# EXERCISE DESCRIPTION
Where does the word "evalset" show up in the records? Copy every line that holds it.

# Items listed in a dataset
_____

(* Suppose $\nu:\mathcal{P}\to\mathcal{H}$ is pathwise differentiable at $P_0$ and $(r_n)_{n\ge1}$ is a nonnegative sequence. Fix $j\in\{1,2\}$ and, for each $n$, let $\beta_n\in\ell^2\cap[0,1]^{\mathbb{N}}$. If $\|\phi_n^{j,\beta_n}-\phi_0^{\beta_n}\|_{L^2(P_0;\mathcal{H})}=o_p(r_n)$, then $\|\mathcal{D}_n^{j,\beta_n}\|_{\mathcal{H}}=o_p(r_n/n^{1/2})$, where $\mathcal{D}_n^{j,\beta}=(P_n^j-P_0)(\phi_n^{j,\beta}-\phi_0^\beta)$.
   Context: Let $(\mathcal{Z},\mathbf{B})$ be a Polish space, $\mathcal{P}$ a model of distributions dominated by a $\sigma$-finite measure $\lambda$, $\mathcal{H}$ a real separable Hilbert space with orthonormal basis $(h_k)_{k\ge1}$ (padded with zeros if finite-dimensional). $\nu$ is pathwise differentiable at $P$ if there is a continuous linear $\dot{\nu}_P$ from the tangent space $\dot{\mathcal{P}}_P$ (closed linear span in $L^2(P)$ of scores $s$ of submodels $\{P_\epsilon\}\subset\mathcal{P}$ with $\|p_\epsilon^{1/2}-p^{1/2}-\epsilon sp^{1/2}/2\|_{L^2(\lambda)}=o(\epsilon)$) to $\mathcal{H}$ with $\|\nu(P_\epsilon)-\nu(P)-\epsilon\dot{\nu}_P(s)\|_{\mathcal{H}}=o(\epsilon)$ along every such submodel; $\dot{\nu}_P^*$ is its adjoint. For $\beta\in\ell^2\cap[0,1]^{\mathbb{N}}$, $\phi_P^\beta(z)=\sum_k\beta_k\dot{\nu}_P^*(h_k)(z)h_k$. $L^2(P;\mathcal{H})$: Bochner measurable $f$ with $\int\|f\|_{\mathcal{H}}^2dP<\infty$; $Qf=\int f\,dQ$. Cross-fitting: $P_0\in\mathcal{P}$, $n$ even, $Z_1,\dots,Z_n$ iid $P_0$; $\widehat{P}_n^1\in\mathcal{P}$ estimates $P_0$ from $Z_1,\dots,Z_{n/2}$, $P_n^1$ is the empirical distribution of $Z_{n/2+1},\dots,Z_n$; $\widehat{P}_n^2$ uses $Z_{n/2+1},\dots,Z_n$, $P_n^2$ is the empirical distribution of $Z_1,\dots,Z_{n/2}$. $\nu$ is assumed pathwise differentiable at each $\widehat{P}_n^j$; $\phi_n^{j,\beta}=\phi^\beta_{\widehat{P}_n^j}$, $\phi_0^\beta=\phi^\beta_{P_0}$. *)

theory Defs
  imports "HOL-Probability.Probability"
begin

definition dens :: "'z measure \<Rightarrow> 'z measure \<Rightarrow> 'z \<Rightarrow> real" where
  "dens lam Q z = enn2real (RN_deriv lam Q z)"

definition L2sq :: "'z measure \<Rightarrow> ('z \<Rightarrow> real) \<Rightarrow> ennreal" where
  "L2sq P f = (\<integral>\<^sup>+ z. ennreal ((f z)\<^sup>2) \<partial>P)"

definition L2sqH :: "'z measure \<Rightarrow> ('z \<Rightarrow> 'h::real_normed_vector) \<Rightarrow> ennreal" where
  "L2sqH P f = (\<integral>\<^sup>+ z. ennreal ((norm (f z))\<^sup>2) \<partial>P)"

text \<open>s is the score of the submodel Pe (epsilon in [0,delta), Pe 0 = P, contained in the model M)
  in the quadratic-mean sense w.r.t. lam; o(epsilon) of the L2(lam) norm is written as
  (norm)^2 <= c epsilon^2 eventually, for every c > 0.\<close>
definition is_score :: "'z measure \<Rightarrow> 'z measure set \<Rightarrow> 'z measure \<Rightarrow> (real \<Rightarrow> 'z measure)
    \<Rightarrow> ('z \<Rightarrow> real) \<Rightarrow> bool" where
  "is_score lam M P Pe s \<longleftrightarrow>
     Pe 0 = P \<and> (\<exists>\<delta>>0. \<forall>e\<in>{0..<\<delta>}. Pe e \<in> M) \<and>
     s \<in> borel_measurable P \<and> L2sq P s < \<infinity> \<and>
     (\<forall>c>0. eventually (\<lambda>e. (\<integral>\<^sup>+ z. ennreal ((sqrt (dens lam (Pe e) z) - sqrt (dens lam P z)
            - e * s z * sqrt (dens lam P z) / 2)\<^sup>2) \<partial>lam) \<le> ennreal (c * e\<^sup>2)) (at_right 0))"

definition scores :: "'z measure \<Rightarrow> 'z measure set \<Rightarrow> 'z measure \<Rightarrow> ('z \<Rightarrow> real) set" where
  "scores lam M P = {s. \<exists>Pe. is_score lam M P Pe s}"

definition lin_span :: "('z \<Rightarrow> real) set \<Rightarrow> ('z \<Rightarrow> real) set" where
  "lin_span S = {f. \<exists>k c g. (\<forall>i<k. g i \<in> S) \<and> f = (\<lambda>z. \<Sum>i<(k::nat). (c i::real) * g i z)}"

definition tangent_space :: "'z measure \<Rightarrow> 'z measure set \<Rightarrow> 'z measure \<Rightarrow> ('z \<Rightarrow> real) set" where
  "tangent_space lam M P = {f. f \<in> borel_measurable P \<and> L2sq P f < \<infinity> \<and>
      (\<forall>e>0. \<exists>g\<in>lin_span (scores lam M P). L2sq P (\<lambda>z. f z - g z) < ennreal e)}"

definition pw_diff :: "'z measure \<Rightarrow> 'z measure set \<Rightarrow> ('z measure \<Rightarrow> 'h::real_normed_vector)
    \<Rightarrow> 'z measure \<Rightarrow> (('z \<Rightarrow> real) \<Rightarrow> 'h) \<Rightarrow> bool" where
  "pw_diff lam M nu P D \<longleftrightarrow> P \<in> M \<and>
     (\<forall>f\<in>tangent_space lam M P. \<forall>g\<in>tangent_space lam M P. \<forall>a b.
        D (\<lambda>z. a * f z + b * g z) = a *\<^sub>R D f + b *\<^sub>R D g) \<and>
     (\<exists>C. \<forall>f\<in>tangent_space lam M P. norm (D f) \<le> C * sqrt (enn2real (L2sq P f))) \<and>
     (\<forall>Pe s. is_score lam M P Pe s \<longrightarrow>
        ((\<lambda>e. norm (nu (Pe e) - nu P - e *\<^sub>R D s) / e) \<longlongrightarrow> 0) (at_right 0))"

definition is_adjoint :: "'z measure \<Rightarrow> 'z measure set \<Rightarrow> 'z measure \<Rightarrow> (('z \<Rightarrow> real) \<Rightarrow> 'h::real_inner)
    \<Rightarrow> ('h \<Rightarrow> 'z \<Rightarrow> real) \<Rightarrow> bool" where
  "is_adjoint lam M P D A \<longleftrightarrow> (\<forall>v. A v \<in> tangent_space lam M P) \<and>
     (\<forall>v. \<forall>s\<in>tangent_space lam M P. inner (D s) v = (\<integral>z. s z * A v z \<partial>P))"

definition phi_beta :: "(nat \<Rightarrow> 'h::real_normed_vector) \<Rightarrow> (nat \<Rightarrow> real) \<Rightarrow> ('h \<Rightarrow> 'z \<Rightarrow> real) \<Rightarrow> 'z \<Rightarrow> 'h" where
  "phi_beta h \<beta> A z = (if summable (\<lambda>k. (\<beta> k * A (h k) z) *\<^sub>R h k)
      then (\<Sum>k. (\<beta> k * A (h k) z) *\<^sub>R h k) else 0)"

text \<open>Cross-fitting with n = 2m observations: the training half for fold j, given as a vector
  indexed by {..<m}, and the evaluation index set.\<close>
definition train :: "nat \<Rightarrow> nat \<Rightarrow> (nat \<Rightarrow> 'z) \<Rightarrow> (nat \<Rightarrow> 'z)" where
  "train m j \<omega> = (\<lambda>i. if i < m then \<omega> (if j = 1 then i else i + m) else undefined)"

definition evalset :: "nat \<Rightarrow> nat \<Rightarrow> nat set" where
  "evalset m j = (if j = 1 then {m..<2*m} else {..<m})"

definition emp_diff :: "'z measure \<Rightarrow> nat \<Rightarrow> nat \<Rightarrow> (nat \<Rightarrow> 'z) \<Rightarrow> ('z \<Rightarrow> 'h::{banach,second_countable_topology}) \<Rightarrow> 'h" where
  "emp_diff P0 m j \<omega> f = (1 / real m) *\<^sub>R (\<Sum>i\<in>evalset m j. f (\<omega> i)) - (\<integral>z. f z \<partial>P0)"

end

theory Submission
  imports Defs
begin

text \<open>
  Conditionally on the training half, F = phi_n - phi_0 is a fixed function and the cross-fitted
  remainder (P_n^j - P_0) F is the centred mean of m = n/2 iid copies of F, so its conditional
  second moment is at most ||F||^2_{L^2(P_0)} / m.  On the event ||F||^2 <= (eta r_n)^2 Chebyshev
  therefore bounds the probability that the remainder exceeds eps r_n / sqrt n by 2 eta^2 / eps^2,
  while the complementary event has vanishing probability by hypothesis; eta is arbitrary.
  The structure of phi (pathwise derivative, adjoint, basis) only enters through measurability.
\<close>

lemma (in finite_measure) integrable_if_integrable_norm_square:
  fixes f :: "'a \<Rightarrow> 'b::{banach, second_countable_topology}"
  assumes [measurable]: "f \<in> borel_measurable M"
    and "integrable M (\<lambda>x. norm (f x)^2)"
  shows "integrable M f"
proof -
  have "integrable M (\<lambda>x. norm (f x))"
    by (rule square_integrable_imp_integrable) (use assms in auto)
  then show ?thesis
    by (simp add: integrable_norm_iff)
qed

lemma (in prob_space) integral_norm_add_centered_square:
  fixes a :: "'a \<Rightarrow> 'b::{real_inner, banach, second_countable_topology}"
  assumes [measurable]: "a \<in> borel_measurable M"
    and a2: "integrable M (\<lambda>x. norm (a x)^2)" and a0: "expectation a = 0"
  shows "integrable M (\<lambda>x. norm (w + a x)^2)"
    and "(\<integral>x. norm (w + a x)^2 \<partial>M) = norm w^2 + (\<integral>x. norm (a x)^2 \<partial>M)"
proof -
  have a: "integrable M a"
    by (rule integrable_if_integrable_norm_square) (use a2 in auto)
  have expand: "norm (w + a x)^2 = norm w^2 + 2 * inner w (a x) + norm (a x)^2" for x
    by (simp add: power2_norm_eq_inner inner_add inner_commute)
  show "integrable M (\<lambda>x. norm (w + a x)^2)"
    unfolding expand using a a2 by auto
  have "(\<integral>x. norm (w + a x)^2 \<partial>M)
      = norm w^2 + 2 * inner w (expectation a) + (\<integral>x. norm (a x)^2 \<partial>M)"
    unfolding expand using a a2 by (simp add: prob_space)
  then show "(\<integral>x. norm (w + a x)^2 \<partial>M) = norm w^2 + (\<integral>x. norm (a x)^2 \<partial>M)"
    using a0 by simp
qed

lemma (in prob_space) nn_integral_PiM_norm_sum_square:
  fixes a :: "'a \<Rightarrow> 'b::{real_inner, banach, second_countable_topology}"
  assumes [measurable]: "a \<in> borel_measurable M"
    and a2: "integrable M (\<lambda>x. norm (a x)^2)" and a0: "expectation a = 0"
    and "finite J"
  shows "(\<integral>\<^sup>+y. norm (\<Sum>i\<in>J. a (y i))^2 \<partial>PiM J (\<lambda>_. M))
      = of_nat (card J) * ennreal (\<integral>x. norm (a x)^2 \<partial>M)"
  using \<open>finite J\<close>
proof (induction J rule: finite_induct)
  case empty
  then show ?case by simp
next
  case (insert i J)
  interpret PP: product_prob_space "\<lambda>_. M" by unfold_locales
  interpret PJ: prob_space "PiM J (\<lambda>_. M)" by (rule prob_space_PiM) unfold_locales
  define V where "V = (\<integral>x. norm (a x)^2 \<partial>M)"
  have inner: "(\<integral>\<^sup>+z. norm (\<Sum>k\<in>insert i J. a ((y(i := z)) k))^2 \<partial>M)
      = norm (\<Sum>k\<in>J. a (y k))^2 + ennreal V" for y
  proof -
    define s where "s = (\<Sum>k\<in>J. a (y k))"
    have "(\<Sum>k\<in>insert i J. a ((y(i := z)) k)) = s + a z" for z
    proof -
      have "(\<Sum>k\<in>J. a ((y(i := z)) k)) = s"
        unfolding s_def using insert(2) by (intro sum.cong) auto
      then show ?thesis
        using insert by (simp add: add.commute)
    qed
    then have "(\<integral>\<^sup>+z. norm (\<Sum>k\<in>insert i J. a ((y(i := z)) k))^2 \<partial>M)
        = ennreal (\<integral>z. norm (s + a z)^2 \<partial>M)"
      using integral_norm_add_centered_square(1)[OF _ a2 a0] by (simp add: nn_integral_eq_integral)
    also have "\<dots> = ennreal (norm s^2 + V)"
      using integral_norm_add_centered_square(2)[OF _ a2 a0] by (simp add: V_def)
    finally show ?thesis
      unfolding s_def V_def by simp
  qed
  have "(\<integral>\<^sup>+y. norm (\<Sum>k\<in>insert i J. a (y k))^2 \<partial>PiM (insert i J) (\<lambda>_. M))
      = (\<integral>\<^sup>+y. (\<integral>\<^sup>+z. norm (\<Sum>k\<in>insert i J. a ((y(i := z)) k))^2 \<partial>M) \<partial>PiM J (\<lambda>_. M))"
    using insert by (intro PP.product_nn_integral_insert) auto
  also have "\<dots> = (\<integral>\<^sup>+y. norm (\<Sum>k\<in>J. a (y k))^2 + ennreal V \<partial>PiM J (\<lambda>_. M))"
    by (simp only: inner)
  also have "\<dots> = (\<integral>\<^sup>+y. norm (\<Sum>k\<in>J. a (y k))^2 \<partial>PiM J (\<lambda>_. M)) + ennreal V"
    by (subst nn_integral_add) (auto simp: PJ.emeasure_space_1)
  also have "\<dots> = of_nat (card (insert i J)) * ennreal V"
    using insert by (simp add: V_def distrib_right)
  finally show ?case
    unfolding V_def .
qed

_____

# ANSWER SPACE
definition evalset :: "nat \<Rightarrow> nat \<Rightarrow> nat set" where
  "evalset m j = (if j = 1 then {m..<2*m} else {..<m})"
  "emp_diff P0 m j \<omega> f = (1 / real m) *\<^sub>R (\<Sum>i\<in>evalset m j. f (\<omega> i)) - (\<integral>z. f z \<partial>P0)"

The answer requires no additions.